0.76 g Giemsa, 50 ml glycerol, 50 ml methanol
7. Staining solution (Giemsa 3%0
20 ml phosphate buffer, 77 ml distilled H2O, 3 ml Giemsa
Dissect the material in sodium citrate solution (see Figure 3) and:
Figure 4. (a) Mitotic metaphase of Drosophila willistoni female larva; (b) meiotic chromosomes of a Drosophila willistoni male larva. Bars = 10 mm.
(a) transfer the material to a slide adding a drop of sodium citrate for at least 5 min;
(b) remove the excess citrate with the tip of a Pasteur pipette;
(c) place two drops of fixative solution I around the material, spreading with the tip of the hypodermic needle;
(d) place again two new drops of fixative solution I;
(e) observe the material under microscope and remove the excess of tissue;
(f) cut the material into small pieces using the hypodermic needle;
(g) add another drop of the fixative solution I;
(h - i) after the retraction of the fixative solution I, place small rolls of filter paper in the extremities of the slides to absorb the excess of liquid and add two drops of fixative solution II;
(j - l) take care for the fixation solution II to uniformly cover the material, allowing the spreading and sticking of the cells to the slide;
(m) after around 30 sec, add two drops of fixative solution III;
(n) wait for the complete retraction of fixative solution III and remove the excess. Leave the slide drying for at least 2 h at room temperature;
(o) stain the slide with Giemsa 3%, in phosphate buffer pH 6.8, for 15 min.
It is important to call attention to the fact that in brain ganglia preparations, mitotic figures (Figure 4a) are found in almost 100% of the slides, whereas meiotic male figures (Figure 4b) are detected in around 10% of the testes or imaginal discs processed.
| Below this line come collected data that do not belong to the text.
(* Let $K\subset\mathbb{R}^n$ be a convex body, $H$ an $i$-dimensional linear subspace of $\mathbb{R}^n$ with $1\le i\le n-1$, and let $f:P_HK\to[0,\infty)$ be the concave function $f(y):=\mathrm{vol}\big(K\cap(y+H^\perp)\big)^{\frac{1}{n-i}}$. Let $y_0\in P_HK$ be such that $$\{(y,t):y\in P_HK,\ 0\le t\le f(y)\}=\mathrm{conv}\big((P_HK\times\{0\})\cup\{(y_0,\|f\|_\infty)\}\big).$$ Then for every $y\in P_HK$, $$K\cap(y+H^\perp)=z(y)+\big(1-\|y-y_0\|_{P_HK}\big)\big(K\cap(y_0+H^\perp)\big)$$ for some $z(y)\in\mathbb{R}^n$.
   Context: A convex body is a compact convex subset of $\mathbb{R}^n$ with non-empty interior. $P_H$ is orthogonal projection onto $H$; $\mathrm{vol}$ is $(n-i)$-dimensional Lebesgue measure on the affine subspace $y+H^\perp$; $\|f\|_\infty=\max f$; $\mathrm{conv}$ is convex hull. Here $\|y-y_0\|_{P_HK}:=\min\{\lambda\ge0: y\in y_0+\lambda(P_HK-y_0)\}$ is the Minkowski functional of $y-y_0$ with respect to $P_HK$ centered at $y_0$. *)

theory Defs
  imports "HOL-Analysis.Analysis" "HOL-Probability.Probability"
begin

definition proj_onto :: "'a::euclidean_space set \<Rightarrow> 'a \<Rightarrow> 'a" where
  "proj_onto H x = (SOME h. h \<in> H \<and> x - h \<in> orthogonal_comp H)"

definition onb_of :: "'a::euclidean_space set \<Rightarrow> 'a set" where
  "onb_of V = (SOME B. B \<subseteq> V \<and> pairwise orthogonal B \<and> (\<forall>b\<in>B. norm b = 1) \<and> span B = V)"

text \<open>k-dimensional Lebesgue measure (k = dim V) of a set A lying in an affine
  subspace a + V: A is mapped isometrically to R^k via coordinates with respect to an
  orthonormal basis of V, and measured there by the product Lebesgue measure.\<close>
definition flat_vol :: "'a::euclidean_space set \<Rightarrow> 'a set \<Rightarrow> real" where
  "flat_vol V A = measure (PiM (onb_of V) (\<lambda>_. lborel))
                     ((\<lambda>x. restrict (\<lambda>b. x \<bullet> b) (onb_of V)) ` A)"

text \<open>Minkowski functional of y - y0 with respect to C centred at y0.\<close>
definition mink_at :: "'a::real_vector set \<Rightarrow> 'a \<Rightarrow> 'a \<Rightarrow> real" where
  "mink_at C y0 y = Inf {l. l \<ge> 0 \<and> y \<in> (\<lambda>x. y0 + l *\<^sub>R (x - y0)) ` C}"

end

theory Submission
  imports Defs
begin

text \<open>
  The cone condition makes \<open>f\<close> affine along every segment from \<open>y0\<close> to the boundary of
  \<open>P = P\<^sub>H K\<close>: writing \<open>g\<close> for the gauge of \<open>P\<close> about \<open>y0\<close>, one has
  \<open>f y = (1 - g y) * \<parallel>f\<parallel>\<^sub>\<infinity>\<close> and \<open>y = y0 + g y (p - y0)\<close> for some \<open>p \<in> P\<close>.
  Choose \<open>k \<in> K\<close> over \<open>p\<close>. By convexity of \<open>K\<close> the homothetic copy
  \<open>g y k + (1 - g y) (K \<inter> (y0 + H\<^sup>\<bottom>))\<close> lies in the section of \<open>K\<close> over \<open>y\<close>, and by the formula
  for \<open>f\<close> it has the same positive \<open>(n - i)\<close>-volume. A compact convex set contains no proper
  compact subset of the same positive volume, so the two sets coincide.
  If \<open>g y = 1\<close>, the section over \<open>y\<close> is a single point: for any two points \<open>k, k'\<close> of it the
  section over the midpoint of \<open>y0\<close> and \<open>y\<close> is a homothetic copy of the section over \<open>y0\<close> centred
  at \<open>k\<close> and also one centred at \<open>k'\<close>, and a nonempty compact set is invariant under no
  nonzero translation.
\<close>

section \<open>Orthogonal projection and translated subspaces\<close>

lemma proj_onto_in_orthogonal:
  fixes H :: "'a::euclidean_space set"
  assumes "subspace H"
  shows "proj_onto H x \<in> H \<and> x - proj_onto H x \<in> orthogonal_comp H"
proof -
  obtain a b where "a \<in> H" "b \<in> orthogonal_comp H" "x = a + b"
    using subspace_sum_orthogonal_comp[OF assms] by (metis UNIV_I set_plus_elim)
  then show ?thesis
    unfolding proj_onto_def by (intro someI_ex[of "\<lambda>h. h \<in> H \<and> x - h \<in> orthogonal_comp H"]) auto
qed

lemma proj_onto_unique:
  fixes H :: "'a::euclidean_space set"
  assumes H: "subspace H" and h: "h \<in> H" "x - h \<in> orthogonal_comp H"
  shows "proj_onto H x = h"
proof -
  note proj = proj_onto_in_orthogonal[OF H, of x]
  have "proj_onto H x - h \<in> H"
    using subspace_diff[OF H proj[THEN conjunct1] h(1)] .
  moreover have "(x - h) - (x - proj_onto H x) \<in> orthogonal_comp H"
    using subspace_diff[OF subspace_orthogonal_comp h(2) proj[THEN conjunct2]] .
  then have "proj_onto H x - h \<in> orthogonal_comp H"
    by simp
  ultimately have "proj_onto H x - h \<in> H \<inter> orthogonal_comp H"
    by blast
  then show ?thesis
    unfolding orthogonal_Int_0[OF H] by simp
qed

lemma linear_proj_onto:
  fixes H :: "'a::euclidean_space set"
  assumes H: "subspace H"
  shows "linear (proj_onto H)"
proof
  fix x y :: 'a and c :: real
  note px = proj_onto_in_orthogonal[OF H, of x] and py = proj_onto_in_orthogonal[OF H, of y]
    and H' = subspace_orthogonal_comp[of H]
  have "(x - proj_onto H x) + (y - proj_onto H y) \<in> orthogonal_comp H"
    using subspace_add[OF H' px[THEN conjunct2] py[THEN conjunct2]] .
  then have "x + y - (proj_onto H x + proj_onto H y) \<in> orthogonal_comp H"
    by (simp add: algebra_simps)
  with subspace_add[OF H px[THEN conjunct1] py[THEN conjunct1]]
  show "proj_onto H (x + y) = proj_onto H x + proj_onto H y"
    by (rule proj_onto_unique[OF H])
  have "c *\<^sub>R (x - proj_onto H x) \<in> orthogonal_comp H"
    using subspace_scale[OF H' px[THEN conjunct2]] .
  then have "c *\<^sub>R x - c *\<^sub>R proj_onto H x \<in> orthogonal_comp H"
    by (simp add: scaleR_diff_right)
  with subspace_scale[OF H px[THEN conjunct1]]
  show "proj_onto H (c *\<^sub>R x) = c *\<^sub>R proj_onto H x"
    by (rule proj_onto_unique[OF H])
qed

lemma mem_translation_iff_diff_mem: "x \<in> (+) y ` V \<longleftrightarrow> x - (y::'a::ab_group_add) \<in> V"
proof
  assume "x \<in> (+) y ` V"
  then show "x - y \<in> V" by (auto simp: add.commute[of y])
next
  assume "x - y \<in> V"
  then show "x \<in> (+) y ` V" by (rule rev_image_eqI) simp
qed

lemma mem_translation_orthogonal_comp_iff:
  fixes H :: "'a::euclidean_space set"
  assumes H: "subspace H" and "y \<in> H"
  shows "x \<in> (+) y ` orthogonal_comp H \<longleftrightarrow> proj_onto H x = y"
  unfolding mem_translation_iff_diff_mem
  using proj_onto_unique[OF H assms(2)] proj_onto_in_orthogonal[OF H] by blast

lemma translation_subspace_eq:
  assumes V: "subspace V" and ab: "a - b \<in> V"
  shows "(+) a ` V = (+) b ` V"
proof -
  have "z - a \<in> V \<longleftrightarrow> z - b \<in> V" for z
  proof
    assume "z - a \<in> V"
    then have "(z - a) + (a - b) \<in> V"
      using subspace_add[OF V _ ab] by blast
    then show "z - b \<in> V" by simp
  next
    assume "z - b \<in> V"
    then have "(z - b) - (a - b) \<in> V"
      using subspace_diff[OF V _ ab] by blast
    then show "z - a \<in> V" by simp
  qed
  then show ?thesis
    unfolding set_eq_iff mem_translation_iff_diff_mem by blast
qed

lemma dim_orthogonal_comp:
  fixes H :: "'a::euclidean_space set"
  assumes "subspace H"
  shows "dim (orthogonal_comp H) = DIM('a) - dim H"
proof -
  have "{y \<in> UNIV. \<forall>x\<in>H. orthogonal x y} = orthogonal_comp H"
    by (auto simp: orthogonal_comp_def orthogonal_def)
  then show ?thesis
    using dim_subspace_orthogonal_to_vectors[OF assms subspace_UNIV subset_UNIV] by simp
qed

section \<open>Orthonormal coordinates on a subspace\<close>

abbreviation onb_lebesgue :: "'a::euclidean_space set \<Rightarrow> ('a \<Rightarrow> real) measure" where
  "onb_lebesgue V \<equiv> PiM (onb_of V) (\<lambda>_. lborel)"

definition onb_coords :: "'a::euclidean_space set \<Rightarrow> 'a \<Rightarrow> 'a \<Rightarrow> real" where
  "onb_coords V x = restrict (\<lambda>b. x \<bullet> b) (onb_of V)"

definition onb_comb :: "'a::euclidean_space set \<Rightarrow> ('a \<Rightarrow> real) \<Rightarrow> 'a" where
  "onb_comb V u = (\<Sum>b\<in>onb_of V. u b *\<^sub>R b)"

lemma flat_vol_eq_measure: "flat_vol V A = measure (onb_lebesgue V) (onb_coords V ` A)"
  by (simp add: flat_vol_def onb_coords_def)

lemma flat_vol_nonneg: "0 \<le> flat_vol V A"
  by (simp add: flat_vol_def)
Acknowledgments: This study was supported by the Brazilian Agencies CNPq, FAPERGS and PROPESQ-UFRGS (fellowships and grants) and by the PEDECIBA and CSIC Uruguayan Agencies (grants).
References: Imai, H.T., R.H. Crozier, and R.W. Taylor 1977, Chromosoma 59: 341-393; Imai, H.T., R.W. Taylor, M.W. Crosland, and R.H. Crozier 1988, Jpn. J. Genet. 63: 159-185.